We moved to Kilgore on the Sabine River. They had a big circus tent there, and that's where we stayed. They had a cook shack and a cook outside. And that's where we got what food we got. He'd fix us a little lunch to carry with us in the daytime, you know. We had a couple of sandwiches out of old stale ham or shoulder meat, hog, all with a lot of seasoning and it, you know, really was stale meat. It wasn't fit for a dog to eat. Today they'd make them throw it out.
Anyway, I was glad to get four dollars a day. I wouldn't make anything in Dallas. So I was glad to get four dollars at the time.
By the way, we had men come down the line, and they were barefooted.
They begged the boss to put them to work for a dollar a day. And I asked, "Charlie, how come you don't hire these men? You can get them for a dollar a day down here." He says, “They got no shoes. They can't work any further than they can walk. “We got to go miles with this line. See, we're trying to lay as much as five miles of line a day."
That's how hard times was in Texas then. These are just poor farm families, and these men, literally, you wouldn't think there would be people down there then that didn't even wear shoes, didn't have any shoes to wear, I guess. That's how hard times were there.
Hard times, indeed!
When asked about some of the dancehalls that are always prominent in the stories about Kilgore and the Boom Times, Mr. Fewell laughed,
“We were tired and wore out. We didn't feel like going downtown to any of the things. And heck, we had no money. It was about five or six weeks before we ever got a payday to start with.
We did have one fellow that was a bootlegger, followed the line, and had a wife and two children with him, and he made home brew. And when we got a payday and got a little money, well, he'd sell the boy’s some home brew."

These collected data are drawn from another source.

(* Let $\mu_0,\mu_1,\dots,\mu_\ell$ be the sequence of distributions obtained by applying a sequence of lossy moves $v_1^\downarrow,\dots,v_\ell^\downarrow$ to $\mu_0$. Then there is a sequence of distributions $\mu'_0,\mu'_1,\dots,\mu'_\ell$ obtained from $\mu'_0=\mu_0$ by a weight-constrained sequence of moves such that $\mu'_i(\{x\})\ge\mu_i(\{x\})$ for every $1\le i\le\ell$ and every $x\in\mathbb R$.
   Context: A distribution is a finite set $\{(x_1,m_1),\dots,(x_k,m_k)\}$ with $m_i>0$; signed distributions allow arbitrary real $m_i$; $\mu(A)=\sum_{x_i\in A}m_i$; $M_j[\mu]=\sum_i m_ix_i^j$. A move $v=([a,b],\delta)$ has $b-a=1$, $\delta$ a signed distribution on $[a,b]$ with $M_0[\delta]=M_1[\delta]=0$, center $\frac{a+b}2$; it can be applied to $\mu$ if $\mu+\delta$ is a distribution, giving $v\mu=\mu+\delta$. The lossy move $v^\downarrow=([a,b],\delta-\{(\frac{a+b}2,1)\})$ is applied analogously. For a sequence of moves producing $\mu_0,\dots,\mu_\ell$, $\mu_{\max}\{x>a\}=\max_i\mu_i\{x>a\}$; the sequence is weight-constrained if for every $a\in\mathbb R$ the number of its moves centered in $(a,\infty)$ is at most $\mu_{\max}\{x>a\}$. *)

theory Defs
  imports Complex_Main
begin

text \<open>A (signed) distribution is represented as a finitely supported function
  real => real: the point x carries mass d x; the pairs (x_i, m_i) are the points
  of the support with their masses.\<close>

type_synonym sdist = "real \<Rightarrow> real"

definition supp :: "sdist \<Rightarrow> real set" where
  "supp d = {x. d x \<noteq> 0}"

definition signed_dist :: "sdist \<Rightarrow> bool" where
  "signed_dist d \<longleftrightarrow> finite (supp d)"

definition is_dist :: "sdist \<Rightarrow> bool" where
  "is_dist d \<longleftrightarrow> signed_dist d \<and> (\<forall>x. d x \<ge> 0)"

definition mass :: "sdist \<Rightarrow> real set \<Rightarrow> real" where
  "mass d A = (\<Sum>x\<in>supp d \<inter> A. d x)"

definition moment :: "nat \<Rightarrow> sdist \<Rightarrow> real" where
  "moment j d = (\<Sum>x\<in>supp d. d x * x ^ j)"

text \<open>A move is a pair (a, delta) standing for ([a, a+1], delta).\<close>
type_synonym move = "real \<times> sdist"

definition is_move :: "move \<Rightarrow> bool" where
  "is_move v \<longleftrightarrow> signed_dist (snd v) \<and> supp (snd v) \<subseteq> {fst v .. fst v + 1}
     \<and> moment 0 (snd v) = 0 \<and> moment 1 (snd v) = 0"

definition center :: "move \<Rightarrow> real" where
  "center v = (fst v + (fst v + 1)) / 2"

definition applies :: "move \<Rightarrow> sdist \<Rightarrow> sdist \<Rightarrow> bool" where
  "applies v mu nu \<longleftrightarrow> nu = (\<lambda>x. mu x + snd v x) \<and> is_dist nu"

definition lossy_applies :: "move \<Rightarrow> sdist \<Rightarrow> sdist \<Rightarrow> bool" where
  "lossy_applies v mu nu \<longleftrightarrow>
     nu = (\<lambda>x. mu x + snd v x - (if x = center v then 1 else 0)) \<and> is_dist nu"

definition move_seq :: "nat \<Rightarrow> (nat \<Rightarrow> move) \<Rightarrow> (nat \<Rightarrow> sdist) \<Rightarrow> bool" where
  "move_seq l v mu \<longleftrightarrow> is_dist (mu 0) \<and>
     (\<forall>i\<in>{1..l}. is_move (v i) \<and> applies (v i) (mu (i - 1)) (mu i))"

definition mu_max :: "nat \<Rightarrow> (nat \<Rightarrow> sdist) \<Rightarrow> real \<Rightarrow> real" where
  "mu_max l mu a = Max ((\<lambda>i. mass (mu i) {a<..}) ` {0..l})"

definition weight_constrained :: "nat \<Rightarrow> (nat \<Rightarrow> move) \<Rightarrow> (nat \<Rightarrow> sdist) \<Rightarrow> bool" where
  "weight_constrained l v mu \<longleftrightarrow>
     (\<forall>a::real. real (card {i\<in>{1..l}. center (v i) > a}) \<le> mu_max l mu a)"

end

theory Submission
  imports Defs
begin

text \<open>
  A lossy move differs from the ordinary move only by deleting one unit
  of mass at its centre.  So instead of deleting that unit we keep it: with
  c j = center (v j) and n_i(x) the number of j \<le> i with c j = x, the distributions
  mu'_i = mu_i + n_i arise from mu_0 by the ordinary moves v_1, ..., v_l, and they
  dominate mu_i pointwise since n_i \<ge> 0.  The sequence is weight-constrained because
  the retained units already witness the bound at the last step: for every a,
  mu'_l{x > a} \<ge> n_l{x > a} = #{j \<le> l. c j > a}.
\<close>

lemma mass_singleton: "mass d {x} = d x"
  by (cases "d x = 0") (auto simp: mass_def supp_def)

lemma mass_superset_supp:
  assumes "finite S" and "supp d \<subseteq> S"
  shows "mass d A = sum d (S \<inter> A)"
  unfolding mass_def by (rule sum.mono_neutral_left) (use assms in \<open>auto simp: supp_def\<close>)

lemma mass_add:
  assumes "signed_dist f" and "signed_dist g"
  shows "mass (\<lambda>x. f x + g x) A = mass f A + mass g A"
proof -
  define S where "S = supp f \<union> supp g"
  have fin: "finite S" using assms by (simp add: S_def signed_dist_def)
  have "supp (\<lambda>x. f x + g x) \<subseteq> S" by (auto simp: S_def supp_def)
  then have "mass (\<lambda>x. f x + g x) A = (\<Sum>x\<in>S \<inter> A. f x + g x)"
    by (rule mass_superset_supp[OF fin])
  also have "\<dots> = sum f (S \<inter> A) + sum g (S \<inter> A)" by (rule sum.distrib)
  also have "\<dots> = mass f A + mass g A"
    using mass_superset_supp[OF fin, of f A] mass_superset_supp[OF fin, of g A]
    by (simp add: S_def)
  finally show ?thesis .
qed

lemma mass_nonneg: "is_dist d \<Longrightarrow> mass d A \<ge> 0"
  by (auto simp: mass_def is_dist_def intro: sum_nonneg)

lemma is_dist_add:
  assumes "is_dist f" and "is_dist g"
  shows "is_dist (\<lambda>x. f x + g x)"
proof -
  have "supp (\<lambda>x. f x + g x) \<subseteq> supp f \<union> supp g" by (auto simp: supp_def)
  then show ?thesis
    using assms by (auto simp: is_dist_def signed_dist_def intro: finite_subset add_nonneg_nonneg)
qed

text \<open>center_count c i x is the number of indices j \<in> {1..i} with c j = x: the total
  mass that the first i lossy moves have removed at the point x.\<close>
definition center_count :: "(nat \<Rightarrow> real) \<Rightarrow> nat \<Rightarrow> sdist" where
  "center_count c i x = real (card {j\<in>{1..i}. c j = x})"

lemma center_count_0: "center_count c 0 = (\<lambda>x. 0)"
  by (auto simp: center_count_def fun_eq_iff)

lemma center_count_Suc:
  "center_count c (Suc i) x = center_count c i x + (if x = c (Suc i) then 1 else 0)"
proof -
  have split: "{j\<in>{1..Suc i}. c j = x} =
      (if x = c (Suc i) then insert (Suc i) {j\<in>{1..i}. c j = x} else {j\<in>{1..i}. c j = x})"
    by (auto simp: le_Suc_eq)
  show ?thesis
    unfolding center_count_def split by simp
qed

lemma supp_center_count: "supp (center_count c i) = c ` {1..i}"
  by (auto simp: supp_def center_count_def card_eq_0_iff)

lemma is_dist_center_count: "is_dist (center_count c i)"
  by (simp add: is_dist_def signed_dist_def supp_center_count center_count_def)

lemma mass_center_count_tail:
  "mass (center_count c i) {a<..} = real (card {j\<in>{1..i}. c j > a})"
proof -
  have "mass (center_count c i) {a<..} =
      (\<Sum>y\<in>c ` {1..i} \<inter> {a<..}. \<Sum>j\<in>{j\<in>{j\<in>{1..i}. c j > a}. c j = y}. 1)"
    unfolding mass_def supp_center_count center_count_def
    by (intro sum.cong refl) (simp, metis (lifting))
  also have "\<dots> = (\<Sum>j\<in>{j\<in>{1..i}. c j > a}. (1::real))"
    by (rule sum.group) auto
  finally show ?thesis by simp
qed

lemma lossy_seq_is_dist:
  fixes mu :: "nat \<Rightarrow> sdist" and i :: nat
  assumes "is_dist (mu 0)"
    and "\<forall>i\<in>{1..l}. lossy_applies (v i) (mu (i - 1)) (mu i)"
    and "i \<le> l"
  shows "is_dist (mu i)"
proof (cases i)
  case 0
  then show ?thesis using assms(1) by simp
next
  case (Suc k)
  then have "i \<in> {1..l}" using assms(3) by simp
  then show ?thesis using assms(2) unfolding lossy_applies_def by blast
qed

lemma lossy_step_lifts:
  assumes "lossy_applies v m n" and "is_dist g"
  shows "applies v (\<lambda>x. m x + g x)
           (\<lambda>x. n x + (g x + (if x = center v then 1 else 0)))"
proof -
  have "is_dist (\<lambda>x::real. if x = center v then 1 else 0 :: real)"
    by (auto simp: is_dist_def signed_dist_def supp_def)
  then have "is_dist (\<lambda>x. n x + (g x + (if x = center v then 1 else 0)))"
    using assms by (intro is_dist_add) (auto simp: lossy_applies_def)
  then show ?thesis
    using assms(1) by (auto simp: applies_def lossy_applies_def fun_eq_iff)
qed

definition restored :: "(nat \<Rightarrow> move) \<Rightarrow> (nat \<Rightarrow> sdist) \<Rightarrow> nat \<Rightarrow> sdist" where
  "restored v mu i = (\<lambda>x. mu i x + center_count (\<lambda>j. center (v j)) i x)"

lemma restored_0: "restored v mu 0 = mu 0"
  by (simp add: restored_def center_count_0)

lemma restored_dominates: "mass (restored v mu i) {x} \<ge> mass (mu i) {x}"
  by (simp add: mass_singleton restored_def center_count_def)

lemma restored_move_seq:
  assumes "is_dist (mu 0)"
    and "\<forall>i\<in>{1..l}. is_move (v i) \<and> lossy_applies (v i) (mu (i - 1)) (mu i)"
  shows "move_seq l v (restored v mu)"
  unfolding move_seq_def
proof (intro conjI ballI)
  show "is_dist (restored v mu 0)" using assms(1) by (simp add: restored_0)
next
  fix i assume i: "i \<in> {1..l}"
  then obtain k where k: "i = Suc k" by (cases i) auto
  show "is_move (v i)" using assms(2) i by blast
  have "lossy_applies (v i) (mu k) (mu i)" using assms(2) i k by fastforce
  then have "applies (v i) (\<lambda>x. mu k x + center_count (\<lambda>j. center (v j)) k x)
      (\<lambda>x. mu i x + (center_count (\<lambda>j. center (v j)) k x + (if x = center (v i) then 1 else 0)))"
    by (rule lossy_step_lifts[OF _ is_dist_center_count])
  then show "applies (v i) (restored v mu (i - 1)) (restored v mu i)"
    by (simp add: k restored_def center_count_Suc add.assoc)
qed

text \<open>The restored units alone witness the weight constraint at the last step l.\<close>
lemma restored_weight_constrained:
  assumes "is_dist (mu l)"
  shows "weight_constrained l v (restored v mu)"
  unfolding weight_constrained_def
proof
  fix a :: real
  let ?n = "center_count (\<lambda>j. center (v j)) l"
  have "mass (restored v mu l) {a<..} = mass (mu l) {a<..} + mass ?n {a<..}"
    unfolding restored_def using assms is_dist_center_count
    by (intro mass_add) (auto simp: is_dist_def)
  then have "real (card {i\<in>{1..l}. center (v i) > a}) \<le> mass (restored v mu l) {a<..}"
    using mass_nonneg[OF assms] by (simp add: mass_center_count_tail)
  also have "\<dots> \<le> mu_max l (restored v mu) a" unfolding mu_max_def by (rule Max_ge) auto
  finally show "real (card {i\<in>{1..l}. center (v i) > a}) \<le> mu_max l (restored v mu) a" .
qed

theorem mainTheorem8:
  fixes l :: nat and v :: "nat \<Rightarrow> move" and mu :: "nat \<Rightarrow> sdist"
  assumes "is_dist (mu 0)"
    and "\<forall>i\<in>{1..l}. is_move (v i) \<and> lossy_applies (v i) (mu (i - 1)) (mu i)"
  shows "\<exists>w mu'. mu' 0 = mu 0 \<and> move_seq l w mu' \<and> weight_constrained l w mu' \<and>
           (\<forall>i\<in>{1..l}. \<forall>x::real. mass (mu' i) {x} \<ge> mass (mu i) {x})"
proof -
  have "is_dist (mu l)"
    using lossy_seq_is_dist[of mu l v l] assms by blast
  then have "weight_constrained l v (restored v mu)"
    by (rule restored_weight_constrained)
  moreover have "move_seq l v (restored v mu)"
    using assms by (rule restored_move_seq)
  ultimately show ?thesis
    using restored_0 restored_dominates by blast
qed

end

And then he smiled and said,
“I knew Bonnie Parker. I never knew Clyde Barrow, but I did know Bonnie Parker. She worked in a little cafe downtown. down close to the courthouse Bonnie was a well— just a regular little blonde -headed girl raised out in West Dallas and a hard part of town where poverty was a way of life out there. I know her mother was a was a widow lady and she had Bonnie and a sister and one son. I knew the son through a friend of mine that was a plumber, worked here in town. The plumber dated Bonnie for a while before Clyde ever come into the picture.”